(* Let $r,s,t>1$ and $M>0$ be real numbers, set $c = 4rst - 2r^2 - 2s^2 - 2t^2 + 1$ and assume $c>1$. Put $\tilde M = M\,\frac{s\sqrt{c^2-1} + (c-1)\sqrt{s^2-1}}{c-1}$. Define the following elements of $\mathrm{SL}(2,\mathbb{R})$: $$\rho = r\mathbf{1} + \frac{r(c+1)}{\sqrt{c^2-1}}\mathbf{I} - \frac{\tilde M(2rs - t + (c+\sqrt{c^2-1})t)}{2(c-1+2s^2)}(\mathbf{J}+\mathbf{K}) + \frac{2rs-t+(c-\sqrt{c^2-1})t}{2\tilde M(c-1)}(\mathbf{J}-\mathbf{K}),$$ $$\sigma = s\mathbf{1} - \frac{s(c+1)}{\sqrt{c^2-1}}\mathbf{I} + \frac{\tilde M}{2}(\mathbf{J}+\mathbf{K}) - \frac{c-1+2s^2}{2\tilde M(c-1)}(\mathbf{J}-\mathbf{K}),$$ and let $\rho'$, $\sigma'$ be obtained from $\rho$, $\sigma$ respectively by changing the signs of the coefficients of $(\mathbf{J}+\mathbf{K})$ and $(\mathbf{J}-\mathbf{K})$ (leaving the coefficients of $\mathbf{1}$ and $\mathbf{I}$ unchanged). Let $\mathcal{S}$ be the genus 2 hyperbolic surface obtained by doubling the once-punctured torus determined by $\rho,\sigma$, whose fundamental group is represented by the group generated by (the images in $\mathrm{PSL}(2,\mathbb{R})$ of) $\rho,\sigma,\rho',\sigma'$. Then the trace field of $\mathcal{S}$, i.e. $\mathbb{Q}(\{\mathrm{tr}\,\gamma\})$ where $\gamma$ ranges over the preimage in $\mathrm{SL}(2,\mathbb{R})$ of this group, is equal to $\mathbb{Q}(r,s,t)$.
   Context: $\mathbf{1} = \begin{pmatrix}1&0\\0&1\end{pmatrix}$, $\mathbf{I} = \begin{pmatrix}1&0\\0&-1\end{pmatrix}$, $\mathbf{J} = \begin{pmatrix}0&1\\1&0\end{pmatrix}$, $\mathbf{K} = \begin{pmatrix}0&1\\-1&0\end{pmatrix}$. With these parameters $\rho,\sigma$ generate a Fuchsian group uniformizing a hyperbolic once-punctured torus $\mathcal{T}$ with $\mathrm{tr}\,\rho=2r$, $\mathrm{tr}\,\sigma=2s$, $\mathrm{tr}\,\rho\sigma=2t$, $\mathrm{tr}\,[\rho,\sigma] = -2c$; $\rho',\sigma'$ correspond to the mirror image of $\mathcal{T}$ (the Möbius map $\frac{az+b}{cz+d}$ is replaced by $\frac{az-b}{-cz+d}$), and $\mathcal{S}$ is obtained by gluing $\mathcal{T}$ and its mirror image along their common boundary. *)

theory Defs
  imports "HOL-Analysis.Analysis"
begin

definition mat2 :: "real \<Rightarrow> real \<Rightarrow> real \<Rightarrow> real \<Rightarrow> real^2^2" where
  "mat2 a b c d = vector [vector [a, b], vector [c, d]]"

definition mI :: "real^2^2" where "mI = mat2 1 0 0 (-1)"
definition mJ :: "real^2^2" where "mJ = mat2 0 1 1 0"
definition mK :: "real^2^2" where "mK = mat2 0 1 (-1) 0"

inductive_set gen_group :: "(real^2^2) set \<Rightarrow> (real^2^2) set" for S where
  one: "mat 1 \<in> gen_group S"
| mul: "g \<in> S \<Longrightarrow> h \<in> gen_group S \<Longrightarrow> g ** h \<in> gen_group S"
| mul_inv: "g \<in> S \<Longrightarrow> h \<in> gen_group S \<Longrightarrow> matrix_inv g ** h \<in> gen_group S"

definition is_subfield :: "real set \<Rightarrow> bool" where
  "is_subfield F \<longleftrightarrow> 0 \<in> F \<and> 1 \<in> F \<and>
     (\<forall>x\<in>F. \<forall>y\<in>F. x + y \<in> F \<and> x * y \<in> F) \<and>
     (\<forall>x\<in>F. - x \<in> F \<and> (x \<noteq> 0 \<longrightarrow> inverse x \<in> F))"

definition field_gen :: "real set \<Rightarrow> real set" where
  "field_gen A = \<Inter>{F. is_subfield F \<and> A \<subseteq> F}"

end

theory Submission
  imports Defs
begin

text \<open>For \<open>P, R \<in> SL(2,\<real>)\<close> and a subfield \<open>F\<close> containing \<open>tr P\<close>, \<open>tr R\<close>, \<open>tr PR\<close>, the
  \<open>F\<close>-span of \<open>1, P, R, PR\<close> is closed under products (Cayley--Hamilton) and under inverses of
  its invertible elements, and all its traces lie in \<open>F\<close>. So the trace field of any group whose
  generators lie in this span and include \<open>P, R\<close> is \<open>\<rat>(tr P, tr R, tr PR)\<close>; here this is
  \<open>\<rat>(r, s, t)\<close>. The mirrored generators are \<open>\<rho>' = I \<rho> I\<^sup>-\<^sup>1\<close>, \<open>\<sigma>' = I \<sigma> I\<^sup>-\<^sup>1\<close>, and although
  \<open>I\<close> itself is not in the span, \<open>\<surd>(c\<^sup>2 - 1) I\<close> is an explicit \<open>\<rat>(r,s,t)\<close>-combination \<open>Y\<close> of
  \<open>1, \<rho>, \<sigma>, \<rho>\<sigma>\<close>; hence \<open>\<rho>' = 4/(c\<^sup>2 - 1) \<cdot> Y \<rho> Y\<close> lies in the span, and likewise \<open>\<sigma>'\<close>.\<close>

lemma mat2_nth [simp]:
  "mat2 a b c d $ 1 $ 1 = a" "mat2 a b c d $ 1 $ 2 = b"
  "mat2 a b c d $ 2 $ 1 = c" "mat2 a b c d $ 2 $ 2 = d"
  by (simp_all add: mat2_def)

lemma mat2_cases:
  obtains a b c d where "X = mat2 a b c d"
proof
  show "X = mat2 (X$1$1) (X$1$2) (X$2$1) (X$2$2)" by (simp add: vec_eq_iff forall_2)
qed

lemma mat2_eq_iff: "mat2 a b c d = mat2 a' b' c' d' \<longleftrightarrow> a = a' \<and> b = b' \<and> c = c' \<and> d = d'"
  by (metis mat2_nth)

lemma mat2_one: "(mat 1 :: real^2^2) = mat2 1 0 0 1"
  by (simp add: vec_eq_iff forall_2 mat_def)

lemma mat2_add [simp]: "mat2 a b c d + mat2 a' b' c' d' = mat2 (a+a') (b+b') (c+c') (d+d')"
  by (simp add: vec_eq_iff forall_2)
lemma mat2_diff [simp]: "mat2 a b c d - mat2 a' b' c' d' = mat2 (a-a') (b-b') (c-c') (d-d')"
  by (simp add: vec_eq_iff forall_2)
lemma mat2_uminus [simp]: "- mat2 a b c d = mat2 (-a) (-b) (-c) (-d)"
  by (simp add: vec_eq_iff forall_2)
lemma mat2_scaleR [simp]: "k *\<^sub>R mat2 a b c d = mat2 (k*a) (k*b) (k*c) (k*d)"
  by (simp add: vec_eq_iff forall_2)
lemma mat2_mult [simp]: "mat2 a b c d ** mat2 a' b' c' d' =
   mat2 (a*a'+b*c') (a*b'+b*d') (c*a'+d*c') (c*b'+d*d')"
  by (simp add: vec_eq_iff forall_2 matrix_matrix_mult_def sum_2)
lemma trace_mat2 [simp]: "trace (mat2 a b c d) = a + d"
  by (simp add: trace_def sum_2)
lemma det_mat2 [simp]: "det (mat2 a b c d) = a*d - b*c"
  by (simp add: det_2)

lemma matrix_add_rdistrib: "((A::'a::semiring_1^'n^'m) + B) ** C = A ** C + B ** C"
  by (vector matrix_matrix_mult_def sum.distrib[symmetric] field_simps)

lemma trace_scaleR: "trace (k *\<^sub>R (A :: real^'n^'n)) = k * trace A"
  by (simp add: trace_def sum_distrib_left)

lemma matrix_inv_unique:
  fixes X B :: "real^'n^'n"
  assumes "X ** B = mat 1" "B ** X = mat 1"
  shows "matrix_inv X = B"
proof -
  have "\<exists>A'. X ** A' = mat 1 \<and> A' ** X = mat 1" using assms by blast
  then have inv: "X ** matrix_inv X = mat 1 \<and> matrix_inv X ** X = mat 1"
    unfolding matrix_inv_def by (rule someI_ex)
  have "matrix_inv X = matrix_inv X ** (X ** B)" using assms by simp
  also have "\<dots> = B" using inv by (simp add: matrix_mul_assoc)
  finally show ?thesis .
qed

lemma matrix_inv_2x2:
  fixes X :: "real^2^2"
  assumes "det X \<noteq> 0"
  shows "matrix_inv X = (1 / det X) *\<^sub>R (trace X *\<^sub>R mat 1 - X)"
proof -
  obtain a b c d where X: "X = mat2 a b c d" by (rule mat2_cases)
  have "a * d - b * c \<noteq> 0" using assms unfolding X by simp
  then show ?thesis unfolding X
    by (intro matrix_inv_unique)
      (simp_all add: mat2_one mat2_eq_iff diff_divide_distrib[symmetric] mult.commute)
qed

lemma det_2x2_trace: "2 * det (X :: real^2^2) = trace X ^ 2 - trace (X ** X)"
proof -
  obtain a b c d where X: "X = mat2 a b c d" by (rule mat2_cases)
  show ?thesis unfolding X by (simp add: power2_eq_square algebra_simps)
qed

lemma det_mI: "det mI = -1"
  by (simp add: mI_def)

────────

WHAT YOU WILL DO: Please show each line in the records above that contains "imports".

OUTPUT OF THE EXERCISE:
  imports "HOL-Analysis.Analysis"
  imports Defs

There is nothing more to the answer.